The long-isolated Southern Australian Marine ecoregion is home to many endemic species of red algae and marine invertebrates. Eighty-five percent of fish species here are endemic. Imagine a place where birds and mammals with names like wandering albatross, flesh-footed shearwater, rockhopper penguin, and weedy seadragon live!
The Southern Australian Marine ecoregion contains an enormous area where one-quarter of the world's species of red algae grow, of which 75 percent are endemic. Nearly 85 percent of 600 fish are endemic, and many diverse species can live here because of the mixture of warm waters from the west and cold waters from the south, as well as regular upwellings of nutrient-rich water from the ocean depths.
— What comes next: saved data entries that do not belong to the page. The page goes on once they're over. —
lemma is_min_norm_minimizer_pinv:
  assumes D: "D \<in> carrier_mat r c" and X: "is_pinv D X" and h: "h \<in> carrier_vec r"
  shows "is_min_norm_minimizer (\<lambda>a. vnorm2 (h - D *\<^sub>v a)) c (X *\<^sub>v h)"
proof -
  define x where "x = X *\<^sub>v h"
  have "X \<in> carrier_mat c r" using X D by (simp add: is_pinv_def)
  then have x: "x \<in> carrier_vec c" unfolding x_def using h by (rule mult_mat_vec_carrier)
  note pythagoras = pinv_residual_pythagoras[OF D X h, folded x_def]
  show ?thesis
    unfolding is_min_norm_minimizer_def x_def[symmetric]
  proof (intro conjI ballI impI)
    show "x \<in> carrier_vec c" by (rule x)
  next
    fix a :: "complex vec" assume "a \<in> carrier_vec c"
    then have "(vnorm2 (h - D *\<^sub>v x))\<^sup>2 \<le> (vnorm2 (h - D *\<^sub>v a))\<^sup>2"
      using pythagoras by simp
    then show "vnorm2 (h - D *\<^sub>v x) \<le> vnorm2 (h - D *\<^sub>v a)"
      by (rule power2_le_imp_le) (rule vnorm2_nonneg)
  next
    fix b :: "complex vec" assume b: "b \<in> carrier_vec c" and ne: "b \<noteq> x"
      and b_min: "\<forall>a \<in> carrier_vec c. vnorm2 (h - D *\<^sub>v b) \<le> vnorm2 (h - D *\<^sub>v a)"
    have "vnorm2 (h - D *\<^sub>v b) \<le> vnorm2 (h - D *\<^sub>v x)" using b_min x by blast
    then have "(vnorm2 (D *\<^sub>v x - D *\<^sub>v b))\<^sup>2 \<le> 0"
      using pythagoras[OF b] power_mono[OF _ vnorm2_nonneg, of _ _ 2] by fastforce
    then have "vnorm2 (D *\<^sub>v x - D *\<^sub>v b) = 0" by simp
    then have "D *\<^sub>v x - D *\<^sub>v b = 0\<^sub>v r" using D x b by (simp add: vnorm2_eq_0_iff[of _ r])
    then have "D *\<^sub>v (b - x) = 0\<^sub>v r"
      using D x b by (simp add: mult_minus_distrib_mat_vec[of _ r c] vec_eq_iff)
    then have "conjugate x \<bullet> (b - x) = 0"
      using pinv_mult_vec_orthogonal_kernel[OF D X h minus_carrier_vec[OF b x]] by (simp add: x_def)
    then have "(vnorm2 (x + (b - x)))\<^sup>2 = (vnorm2 x)\<^sup>2 + (vnorm2 (b - x))\<^sup>2"
      using x b by (intro vnorm2_pythagoras[of _ c]) simp_all
    moreover have "x + (b - x) = b" by (rule eq_vecI) (use x b in simp_all)
    moreover have "vnorm2 (b - x) \<noteq> 0" using ne x b by (auto simp: vnorm2_eq_0_iff[of _ c] vec_eq_iff)
    ultimately have "(vnorm2 x)\<^sup>2 < (vnorm2 b)\<^sup>2" by simp
    then show "vnorm2 x < vnorm2 b"
      by (rule power2_less_imp_less) (rule vnorm2_nonneg)
  qed
qed

lemma mult_mat_diag_orthogonal_columns_support:
  assumes D: "D \<in> carrier_mat r c"
    and DD: "adj D * D = mat_diag c (\<lambda>j. complex_of_real (d j))"
  shows "D * mat_diag c (\<lambda>j. complex_of_real (inverse (d j) * d j)) = D"
proof (rule eq_matI)
  fix i j assume "i < dim_row D" "j < dim_col D"
  then have i: "i < r" and j: "j < c" using D by auto
  have "complex_of_real (\<Sum>i<r. (cmod (D $$ (i,j)))\<^sup>2) = (adj D * D) $$ (j,j)"
    using D j by (simp add: scalar_prod_def atLeast0LessThan complex_norm_square mult.commute
        del: of_real_power)
  also have "\<dots> = complex_of_real (d j)"
    using j unfolding DD by (simp add: mat_diag_def)
  finally have "(\<Sum>i<r. (cmod (D $$ (i,j)))\<^sup>2) = d j"
    by (simp only: of_real_eq_iff)
  then have "d j = 0 \<Longrightarrow> D $$ (i,j) = 0"
    using i by (simp add: sum_nonneg_eq_0_iff)
  then show "(D * mat_diag c (\<lambda>j. complex_of_real (inverse (d j) * d j))) $$ (i,j) = D $$ (i,j)"
    using D i j by (cases "d j = 0") (simp_all add: mat_diag_mult_right)
qed (use D in \<open>simp_all add: mat_diag_def\<close>)
lemma cc_equation_recentred:
  fixes q :: "'i \<Rightarrow> 'a::real_vector"
  assumes "finite I" and "i \<in> I" and "sum m I \<noteq> 0"
    and com: "(\<Sum>j\<in>I. m j *\<^sub>R q j) = 0"
    and eq: "(\<Sum>j\<in>I - {i}. (m j / r j) *\<^sub>R (q j - q i)) = lam *\<^sub>R q i"
  shows "(\<Sum>j\<in>I - {i}. (m j * (1 / r j + lam / sum m I)) *\<^sub>R (q j - q i)) = 0"
proof -
  let ?c = "lam / sum m I"
  have "(\<Sum>j\<in>I - {i}. (m j * ?c) *\<^sub>R (q j - q i)) = (\<Sum>j\<in>I. (m j * ?c) *\<^sub>R (q j - q i))"
    using sum.remove[OF assms(1,2), of "\<lambda>j. (m j * ?c) *\<^sub>R (q j - q i)"] by simp
  also have "\<dots> = ?c *\<^sub>R (\<Sum>j\<in>I. m j *\<^sub>R q j) - (?c * sum m I) *\<^sub>R q i"
    by (simp add: scaleR_diff_right scaleR_sum_right sum_subtractf mult.commute
        flip: scaleR_sum_left sum_divide_distrib sum_distrib_left)
  also have "\<dots> = - lam *\<^sub>R q i"
    using com assms(3) by simp
  finally have "(\<Sum>j\<in>I - {i}. (m j * ?c) *\<^sub>R (q j - q i)) = - lam *\<^sub>R q i" .
  with eq show ?thesis
    by (simp add: distrib_left scaleR_add_left sum.distrib)
qed

text \<open>Dziobek's \<open>S\<^sub>i\<^sub>j\<close>, with \<open>L = \<lambda>/M\<close> for the total mass \<open>M\<close>.\<close>
definition cc_weight :: "real \<Rightarrow> ('i \<Rightarrow> 'a::metric_space) \<Rightarrow> 'i \<Rightarrow> 'i \<Rightarrow> real" where
  "cc_weight L q i j = 1 / dist (q i) (q j) ^ 3 + L"
text \<open>Polynomials in the indeterminates z_1..z_n are represented by evaluation at an
arbitrary point z :: nat => real (only z 1, ..., z n matter). A polynomial identity with
rational coefficients holds iff it holds for all real evaluations.\<close>

definition elem_sym :: "nat \<Rightarrow> nat \<Rightarrow> (nat \<Rightarrow> real) \<Rightarrow> real" where
  "elem_sym n r z = (\<Sum>S\<in>{S. S \<subseteq> {1..n} \<and> card S = r}. \<Prod>j\<in>S. z j)"

definition distinct_tuples :: "nat \<Rightarrow> nat \<Rightarrow> (nat \<Rightarrow> nat) set" where
  "distinct_tuples N n = {b \<in> {1..N} \<rightarrow>\<^sub>E {1..n}. inj_on b {1..N}}"

definition M :: "nat \<Rightarrow> nat \<Rightarrow> nat \<Rightarrow> (nat \<Rightarrow> real) \<Rightarrow> real" where
  "M m2 m1 n z =
     (\<Sum>b\<in>distinct_tuples (m1 + m2 + 1) n.
        (\<Prod>j\<in>{1..m2}. (z (b j))^2) * (\<Prod>j\<in>{m2+1..m2+m1}. z (b j)))
   - (\<Sum>b\<in>distinct_tuples (m1 + m2 + 1) n.
        (\<Prod>j\<in>{1..m2-1}. (z (b j))^2) * (\<Prod>j\<in>{m2..m2+m1+1}. z (b j)))"

definition coef_c :: "nat \<Rightarrow> nat \<Rightarrow> real" where
  "coef_c m1 i = (if i = 0 then 1
     else real (m1 + 2*i) * fact (m1 + i - 1) / (fact i * fact m1))"

end

(*
  Each of the two sums defining M runs over injective placements of a fixed exponent
  pattern (2 repeated a times, 1 repeated b times, 0 repeated c times) on the variables.
  Forgetting the order inside each block, such a sum is a! b! c! times m(a,b,c), the sum of
  prod_A z_j^2 * prod_B z_j over pairwise disjoint A, B, C in {1..n} of sizes a, b, c; and
  m(a,b,1) = (n - a - b) m(a,b,0), since C is then any one of the unused variables.

  The heart of the matter is the expansion of m(a,b,0), the monomial symmetric polynomial of
  shape 2^a 1^b, as sum_i (-1)^i c(b,i) e_(a-i) e_(a+b+i) with
  c(b,i) = binom(b+i,i) + binom(b+i-1,i-1), which is the paper's c_i. Both sides satisfy the
  same recursion in n: adding z_(n+1) turns every e_r into e_r + z_(n+1) e_(r-1), the z^2-terms
  reproduce the identity for (a-1,b), and the z-terms telescope to the identity for (a,b-1)
  because c(b+1,i) - c(b+1,i-1) = c(b,i).
*)

theory Submission
  imports Defs
begin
Millions of shearwaters come to the ecoregion to breed and raise their young. They share rocky and sandy nesting areas with many other seabirds, such as wandering and black-browed albatrosses, Australasian gannets, northern giant petrels, and rockhopper and little penguins. Australian sea lions live on the coasts but hunt in the sea, where they may meet southern right whales and great white sharks. Loggerhead, hawksbill, green, and leatherback turtles share this region with bluefin tuna and other fish. And species of sea squirts, molluscs, sea urchins, and sea stars are among the many invertebrates that live here and nowhere else.
Pollution, coastal development, overfishing, and long-line fishing (which causes high levels of bycatch, are threats to species found here.